*DATASET*
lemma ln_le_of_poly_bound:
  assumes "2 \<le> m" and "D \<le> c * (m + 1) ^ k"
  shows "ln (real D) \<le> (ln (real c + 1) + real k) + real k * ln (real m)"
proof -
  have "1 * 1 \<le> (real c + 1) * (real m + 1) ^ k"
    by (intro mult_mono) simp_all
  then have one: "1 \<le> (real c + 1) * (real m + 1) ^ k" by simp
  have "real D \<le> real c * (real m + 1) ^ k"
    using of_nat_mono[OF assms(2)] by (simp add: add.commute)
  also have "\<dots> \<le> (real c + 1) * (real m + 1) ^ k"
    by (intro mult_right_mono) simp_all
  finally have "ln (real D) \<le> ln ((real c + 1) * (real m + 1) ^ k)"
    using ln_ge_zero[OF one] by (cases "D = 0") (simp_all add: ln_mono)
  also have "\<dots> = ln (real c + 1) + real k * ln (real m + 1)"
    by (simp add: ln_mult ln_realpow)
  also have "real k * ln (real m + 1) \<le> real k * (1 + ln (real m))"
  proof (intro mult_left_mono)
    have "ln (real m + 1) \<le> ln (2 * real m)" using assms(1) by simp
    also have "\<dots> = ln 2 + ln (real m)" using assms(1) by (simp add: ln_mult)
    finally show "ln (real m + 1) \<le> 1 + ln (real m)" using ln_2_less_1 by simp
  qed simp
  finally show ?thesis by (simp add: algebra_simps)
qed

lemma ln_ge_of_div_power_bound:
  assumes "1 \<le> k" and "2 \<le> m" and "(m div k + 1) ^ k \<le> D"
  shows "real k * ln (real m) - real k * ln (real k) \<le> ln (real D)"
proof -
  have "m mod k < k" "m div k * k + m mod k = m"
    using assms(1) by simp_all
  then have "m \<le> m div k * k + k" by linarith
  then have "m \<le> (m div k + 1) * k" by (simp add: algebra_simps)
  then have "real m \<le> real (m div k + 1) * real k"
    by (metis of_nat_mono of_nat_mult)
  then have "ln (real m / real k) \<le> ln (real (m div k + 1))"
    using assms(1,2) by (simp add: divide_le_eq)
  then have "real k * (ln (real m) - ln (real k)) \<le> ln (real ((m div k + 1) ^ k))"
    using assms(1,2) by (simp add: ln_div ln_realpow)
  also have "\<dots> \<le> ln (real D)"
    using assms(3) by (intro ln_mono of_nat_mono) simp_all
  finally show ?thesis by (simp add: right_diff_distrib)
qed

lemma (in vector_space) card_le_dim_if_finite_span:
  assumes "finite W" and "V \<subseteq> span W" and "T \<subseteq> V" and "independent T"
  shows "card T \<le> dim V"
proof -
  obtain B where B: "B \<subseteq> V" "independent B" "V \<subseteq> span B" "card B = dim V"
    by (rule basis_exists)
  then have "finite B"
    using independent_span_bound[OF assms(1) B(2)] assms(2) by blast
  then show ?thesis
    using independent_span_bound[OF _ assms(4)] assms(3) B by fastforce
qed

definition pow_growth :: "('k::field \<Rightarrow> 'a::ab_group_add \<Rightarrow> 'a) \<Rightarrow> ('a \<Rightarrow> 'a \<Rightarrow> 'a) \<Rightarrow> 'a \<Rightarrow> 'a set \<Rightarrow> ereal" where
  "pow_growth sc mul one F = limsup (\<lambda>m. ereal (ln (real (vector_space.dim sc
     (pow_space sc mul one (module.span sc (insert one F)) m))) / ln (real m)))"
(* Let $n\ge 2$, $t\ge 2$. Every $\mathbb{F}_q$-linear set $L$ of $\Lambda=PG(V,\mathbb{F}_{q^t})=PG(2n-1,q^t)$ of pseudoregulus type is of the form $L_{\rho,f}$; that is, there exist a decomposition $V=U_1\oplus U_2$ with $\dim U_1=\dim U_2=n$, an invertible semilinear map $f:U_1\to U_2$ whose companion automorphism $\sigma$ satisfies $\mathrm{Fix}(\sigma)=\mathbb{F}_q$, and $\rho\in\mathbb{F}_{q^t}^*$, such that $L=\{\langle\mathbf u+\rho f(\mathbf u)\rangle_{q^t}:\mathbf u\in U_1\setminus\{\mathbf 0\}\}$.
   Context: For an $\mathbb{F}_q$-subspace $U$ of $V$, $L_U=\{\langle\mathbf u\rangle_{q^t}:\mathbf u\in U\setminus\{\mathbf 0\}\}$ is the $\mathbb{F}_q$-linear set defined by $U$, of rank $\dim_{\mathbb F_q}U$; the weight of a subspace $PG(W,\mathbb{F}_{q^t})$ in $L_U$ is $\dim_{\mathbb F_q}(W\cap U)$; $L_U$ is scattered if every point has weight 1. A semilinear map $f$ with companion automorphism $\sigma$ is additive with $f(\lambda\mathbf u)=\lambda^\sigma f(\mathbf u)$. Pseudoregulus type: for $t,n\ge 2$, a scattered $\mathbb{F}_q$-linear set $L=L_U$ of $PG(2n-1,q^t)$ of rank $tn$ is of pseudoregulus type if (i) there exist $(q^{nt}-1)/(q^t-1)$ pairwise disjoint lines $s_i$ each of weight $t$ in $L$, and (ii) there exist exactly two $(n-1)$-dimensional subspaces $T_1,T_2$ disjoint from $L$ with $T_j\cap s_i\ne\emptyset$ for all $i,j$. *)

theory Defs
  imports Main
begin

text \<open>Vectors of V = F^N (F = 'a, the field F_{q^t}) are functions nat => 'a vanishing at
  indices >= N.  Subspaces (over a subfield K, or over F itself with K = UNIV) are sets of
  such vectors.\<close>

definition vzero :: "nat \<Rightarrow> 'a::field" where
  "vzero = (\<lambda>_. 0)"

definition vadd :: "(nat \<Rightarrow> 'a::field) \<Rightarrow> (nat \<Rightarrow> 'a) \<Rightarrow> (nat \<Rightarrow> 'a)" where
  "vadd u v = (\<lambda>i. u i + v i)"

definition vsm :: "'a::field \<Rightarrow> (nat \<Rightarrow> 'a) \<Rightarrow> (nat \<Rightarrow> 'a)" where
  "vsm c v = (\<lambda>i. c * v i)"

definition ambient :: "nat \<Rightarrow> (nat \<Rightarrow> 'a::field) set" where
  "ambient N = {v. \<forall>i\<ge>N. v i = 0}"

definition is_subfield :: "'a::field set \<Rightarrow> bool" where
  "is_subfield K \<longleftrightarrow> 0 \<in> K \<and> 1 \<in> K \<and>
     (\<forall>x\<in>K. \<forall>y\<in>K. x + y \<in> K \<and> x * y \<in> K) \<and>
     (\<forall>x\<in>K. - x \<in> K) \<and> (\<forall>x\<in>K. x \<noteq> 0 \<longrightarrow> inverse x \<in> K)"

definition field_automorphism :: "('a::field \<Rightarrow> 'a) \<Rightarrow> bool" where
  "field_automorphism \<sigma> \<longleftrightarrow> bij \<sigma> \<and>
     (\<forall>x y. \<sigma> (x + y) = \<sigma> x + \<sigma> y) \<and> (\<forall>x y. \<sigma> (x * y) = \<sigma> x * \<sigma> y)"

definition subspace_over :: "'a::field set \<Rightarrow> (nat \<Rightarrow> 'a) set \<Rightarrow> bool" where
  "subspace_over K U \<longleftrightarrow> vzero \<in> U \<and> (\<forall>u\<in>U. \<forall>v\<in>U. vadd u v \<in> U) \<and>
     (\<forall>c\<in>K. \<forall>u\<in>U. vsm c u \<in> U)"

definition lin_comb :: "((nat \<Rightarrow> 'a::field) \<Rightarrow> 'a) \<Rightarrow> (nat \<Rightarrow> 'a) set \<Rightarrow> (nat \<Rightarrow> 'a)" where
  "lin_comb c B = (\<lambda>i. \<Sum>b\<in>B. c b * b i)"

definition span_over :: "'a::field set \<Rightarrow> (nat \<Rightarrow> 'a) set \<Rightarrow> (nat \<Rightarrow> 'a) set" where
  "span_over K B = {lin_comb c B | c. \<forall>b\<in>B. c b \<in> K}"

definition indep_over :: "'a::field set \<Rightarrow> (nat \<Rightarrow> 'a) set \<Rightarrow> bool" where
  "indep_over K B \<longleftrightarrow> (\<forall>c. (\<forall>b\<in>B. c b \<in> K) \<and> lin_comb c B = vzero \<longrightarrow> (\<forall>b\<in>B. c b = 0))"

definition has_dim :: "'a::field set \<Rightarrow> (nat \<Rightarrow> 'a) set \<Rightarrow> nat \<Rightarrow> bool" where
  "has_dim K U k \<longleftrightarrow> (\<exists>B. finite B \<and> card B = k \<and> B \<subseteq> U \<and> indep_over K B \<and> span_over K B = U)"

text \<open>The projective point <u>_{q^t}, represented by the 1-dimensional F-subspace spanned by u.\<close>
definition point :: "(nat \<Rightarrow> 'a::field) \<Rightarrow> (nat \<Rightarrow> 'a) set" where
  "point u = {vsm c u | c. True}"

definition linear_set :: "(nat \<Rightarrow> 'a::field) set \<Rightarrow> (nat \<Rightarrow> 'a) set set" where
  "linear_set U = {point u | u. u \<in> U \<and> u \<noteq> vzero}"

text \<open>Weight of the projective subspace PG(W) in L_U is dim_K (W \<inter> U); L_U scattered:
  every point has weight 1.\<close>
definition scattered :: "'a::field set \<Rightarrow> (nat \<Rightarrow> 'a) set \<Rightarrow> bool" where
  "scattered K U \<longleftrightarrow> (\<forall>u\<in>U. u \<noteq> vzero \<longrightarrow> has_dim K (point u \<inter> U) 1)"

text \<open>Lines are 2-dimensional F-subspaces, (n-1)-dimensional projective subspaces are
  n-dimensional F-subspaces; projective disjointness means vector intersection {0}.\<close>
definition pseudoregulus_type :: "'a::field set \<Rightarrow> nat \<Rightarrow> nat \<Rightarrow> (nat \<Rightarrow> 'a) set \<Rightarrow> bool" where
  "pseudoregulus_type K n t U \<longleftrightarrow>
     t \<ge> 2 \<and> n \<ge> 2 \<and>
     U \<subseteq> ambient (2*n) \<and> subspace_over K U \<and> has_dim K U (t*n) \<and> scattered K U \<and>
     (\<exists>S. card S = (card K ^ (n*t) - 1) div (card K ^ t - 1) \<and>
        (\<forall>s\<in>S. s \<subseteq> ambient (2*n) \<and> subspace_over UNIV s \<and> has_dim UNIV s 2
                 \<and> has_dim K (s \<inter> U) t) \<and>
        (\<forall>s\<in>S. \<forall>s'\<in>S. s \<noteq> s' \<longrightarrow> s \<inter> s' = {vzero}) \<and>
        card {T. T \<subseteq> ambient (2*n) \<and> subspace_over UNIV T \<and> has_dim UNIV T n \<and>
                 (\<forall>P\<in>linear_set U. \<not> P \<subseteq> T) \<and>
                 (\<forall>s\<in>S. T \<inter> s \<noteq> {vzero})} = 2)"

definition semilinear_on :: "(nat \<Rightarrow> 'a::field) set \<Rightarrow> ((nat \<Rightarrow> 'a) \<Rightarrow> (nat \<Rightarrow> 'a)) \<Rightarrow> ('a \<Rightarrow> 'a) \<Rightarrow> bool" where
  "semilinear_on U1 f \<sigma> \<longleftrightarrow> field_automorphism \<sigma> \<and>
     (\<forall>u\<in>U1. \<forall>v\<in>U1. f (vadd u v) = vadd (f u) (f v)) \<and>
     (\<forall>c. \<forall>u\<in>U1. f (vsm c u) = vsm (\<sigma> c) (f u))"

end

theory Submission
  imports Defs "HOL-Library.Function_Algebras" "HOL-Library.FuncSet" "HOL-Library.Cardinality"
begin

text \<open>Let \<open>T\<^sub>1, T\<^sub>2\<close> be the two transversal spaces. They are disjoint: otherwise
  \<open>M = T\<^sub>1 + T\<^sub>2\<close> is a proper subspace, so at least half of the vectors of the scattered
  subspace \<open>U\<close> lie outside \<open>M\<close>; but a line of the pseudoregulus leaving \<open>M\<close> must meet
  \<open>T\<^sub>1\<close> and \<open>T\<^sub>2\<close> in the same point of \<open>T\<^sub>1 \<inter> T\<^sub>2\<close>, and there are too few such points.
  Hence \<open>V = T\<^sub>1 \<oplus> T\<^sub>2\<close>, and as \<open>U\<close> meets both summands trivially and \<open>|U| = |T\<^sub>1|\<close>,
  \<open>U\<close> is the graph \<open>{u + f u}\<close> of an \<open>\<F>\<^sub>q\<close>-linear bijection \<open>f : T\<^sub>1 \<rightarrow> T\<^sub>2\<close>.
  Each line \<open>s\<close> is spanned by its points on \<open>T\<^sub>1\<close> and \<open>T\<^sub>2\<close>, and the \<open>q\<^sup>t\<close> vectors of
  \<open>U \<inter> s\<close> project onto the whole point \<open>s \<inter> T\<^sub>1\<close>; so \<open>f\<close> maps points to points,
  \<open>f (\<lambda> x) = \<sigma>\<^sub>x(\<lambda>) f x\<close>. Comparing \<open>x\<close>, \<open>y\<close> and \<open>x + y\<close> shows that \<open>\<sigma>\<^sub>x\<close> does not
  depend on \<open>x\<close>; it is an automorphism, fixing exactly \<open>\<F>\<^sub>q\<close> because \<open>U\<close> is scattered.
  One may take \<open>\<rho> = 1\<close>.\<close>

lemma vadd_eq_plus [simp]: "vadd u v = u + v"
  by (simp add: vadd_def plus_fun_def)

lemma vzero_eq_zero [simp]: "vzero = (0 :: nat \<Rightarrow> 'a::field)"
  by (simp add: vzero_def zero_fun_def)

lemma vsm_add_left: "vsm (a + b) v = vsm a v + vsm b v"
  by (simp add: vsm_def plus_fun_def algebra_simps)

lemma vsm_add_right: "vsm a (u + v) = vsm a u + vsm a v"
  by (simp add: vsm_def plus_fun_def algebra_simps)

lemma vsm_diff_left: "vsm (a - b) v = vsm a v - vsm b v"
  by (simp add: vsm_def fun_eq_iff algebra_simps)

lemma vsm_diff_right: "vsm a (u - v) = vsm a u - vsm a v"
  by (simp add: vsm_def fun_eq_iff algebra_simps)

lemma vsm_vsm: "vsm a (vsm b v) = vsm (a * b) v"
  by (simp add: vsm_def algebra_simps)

*PROBLEM DETAILS*
Tell how many lines in the entries contain the string "imports". Give the number and nothing more.

*EXPECTED ANSWER*
2